Exercise input.
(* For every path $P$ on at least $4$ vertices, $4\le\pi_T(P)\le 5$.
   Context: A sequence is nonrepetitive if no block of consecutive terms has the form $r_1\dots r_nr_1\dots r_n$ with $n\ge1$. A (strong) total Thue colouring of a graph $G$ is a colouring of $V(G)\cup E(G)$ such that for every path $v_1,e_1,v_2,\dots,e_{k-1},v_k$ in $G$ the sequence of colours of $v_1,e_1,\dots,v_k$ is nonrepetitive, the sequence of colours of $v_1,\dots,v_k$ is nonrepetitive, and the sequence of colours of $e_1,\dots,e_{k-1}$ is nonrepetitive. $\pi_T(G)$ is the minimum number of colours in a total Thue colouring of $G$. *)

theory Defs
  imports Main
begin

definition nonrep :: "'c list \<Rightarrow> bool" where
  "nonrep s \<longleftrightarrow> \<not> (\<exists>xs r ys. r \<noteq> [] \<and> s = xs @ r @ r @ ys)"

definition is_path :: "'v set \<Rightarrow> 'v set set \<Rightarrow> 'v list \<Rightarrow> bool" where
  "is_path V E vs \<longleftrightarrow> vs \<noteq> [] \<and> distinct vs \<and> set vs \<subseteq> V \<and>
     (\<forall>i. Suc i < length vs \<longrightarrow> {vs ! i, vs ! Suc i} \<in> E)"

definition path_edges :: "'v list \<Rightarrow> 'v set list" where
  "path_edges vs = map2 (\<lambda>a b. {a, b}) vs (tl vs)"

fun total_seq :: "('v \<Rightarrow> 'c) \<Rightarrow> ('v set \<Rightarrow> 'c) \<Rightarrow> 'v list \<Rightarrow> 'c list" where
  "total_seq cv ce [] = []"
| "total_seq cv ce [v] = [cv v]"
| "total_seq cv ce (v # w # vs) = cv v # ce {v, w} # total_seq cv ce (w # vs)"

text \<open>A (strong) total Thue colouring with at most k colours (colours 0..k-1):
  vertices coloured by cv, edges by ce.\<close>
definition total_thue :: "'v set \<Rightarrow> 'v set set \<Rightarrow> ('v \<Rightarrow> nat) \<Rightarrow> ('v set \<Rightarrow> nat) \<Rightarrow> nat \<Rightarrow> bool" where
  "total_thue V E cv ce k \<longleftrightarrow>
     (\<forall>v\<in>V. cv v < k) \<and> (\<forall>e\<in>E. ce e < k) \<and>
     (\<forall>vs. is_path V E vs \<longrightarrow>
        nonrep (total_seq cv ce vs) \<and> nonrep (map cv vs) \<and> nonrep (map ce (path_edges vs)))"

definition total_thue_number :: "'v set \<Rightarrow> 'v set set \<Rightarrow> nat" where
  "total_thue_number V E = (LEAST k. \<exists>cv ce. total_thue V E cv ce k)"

Work to be completed.
Would you copy each line of the data exactly as it appears above?

Response.
(* For every path $P$ on at least $4$ vertices, $4\le\pi_T(P)\le 5$.
   Context: A sequence is nonrepetitive if no block of consecutive terms has the form $r_1\dots r_nr_1\dots r_n$ with $n\ge1$. A (strong) total Thue colouring of a graph $G$ is a colouring of $V(G)\cup E(G)$ such that for every path $v_1,e_1,v_2,\dots,e_{k-1},v_k$ in $G$ the sequence of colours of $v_1,e_1,\dots,v_k$ is nonrepetitive, the sequence of colours of $v_1,\dots,v_k$ is nonrepetitive, and the sequence of colours of $e_1,\dots,e_{k-1}$ is nonrepetitive. $\pi_T(G)$ is the minimum number of colours in a total Thue colouring of $G$. *)

theory Defs
  imports Main
begin

definition nonrep :: "'c list \<Rightarrow> bool" where
  "nonrep s \<longleftrightarrow> \<not> (\<exists>xs r ys. r \<noteq> [] \<and> s = xs @ r @ r @ ys)"

definition is_path :: "'v set \<Rightarrow> 'v set set \<Rightarrow> 'v list \<Rightarrow> bool" where
  "is_path V E vs \<longleftrightarrow> vs \<noteq> [] \<and> distinct vs \<and> set vs \<subseteq> V \<and>
     (\<forall>i. Suc i < length vs \<longrightarrow> {vs ! i, vs ! Suc i} \<in> E)"

definition path_edges :: "'v list \<Rightarrow> 'v set list" where
  "path_edges vs = map2 (\<lambda>a b. {a, b}) vs (tl vs)"

fun total_seq :: "('v \<Rightarrow> 'c) \<Rightarrow> ('v set \<Rightarrow> 'c) \<Rightarrow> 'v list \<Rightarrow> 'c list" where
  "total_seq cv ce [] = []"
| "total_seq cv ce [v] = [cv v]"
| "total_seq cv ce (v # w # vs) = cv v # ce {v, w} # total_seq cv ce (w # vs)"

text \<open>A (strong) total Thue colouring with at most k colours (colours 0..k-1):
  vertices coloured by cv, edges by ce.\<close>
definition total_thue :: "'v set \<Rightarrow> 'v set set \<Rightarrow> ('v \<Rightarrow> nat) \<Rightarrow> ('v set \<Rightarrow> nat) \<Rightarrow> nat \<Rightarrow> bool" where
  "total_thue V E cv ce k \<longleftrightarrow>
     (\<forall>v\<in>V. cv v < k) \<and> (\<forall>e\<in>E. ce e < k) \<and>
     (\<forall>vs. is_path V E vs \<longrightarrow>
        nonrep (total_seq cv ce vs) \<and> nonrep (map cv vs) \<and> nonrep (map ce (path_edges vs)))"

definition total_thue_number :: "'v set \<Rightarrow> 'v set set \<Rightarrow> nat" where
  "total_thue_number V E = (LEAST k. \<exists>cv ce. total_thue V E cv ce k)"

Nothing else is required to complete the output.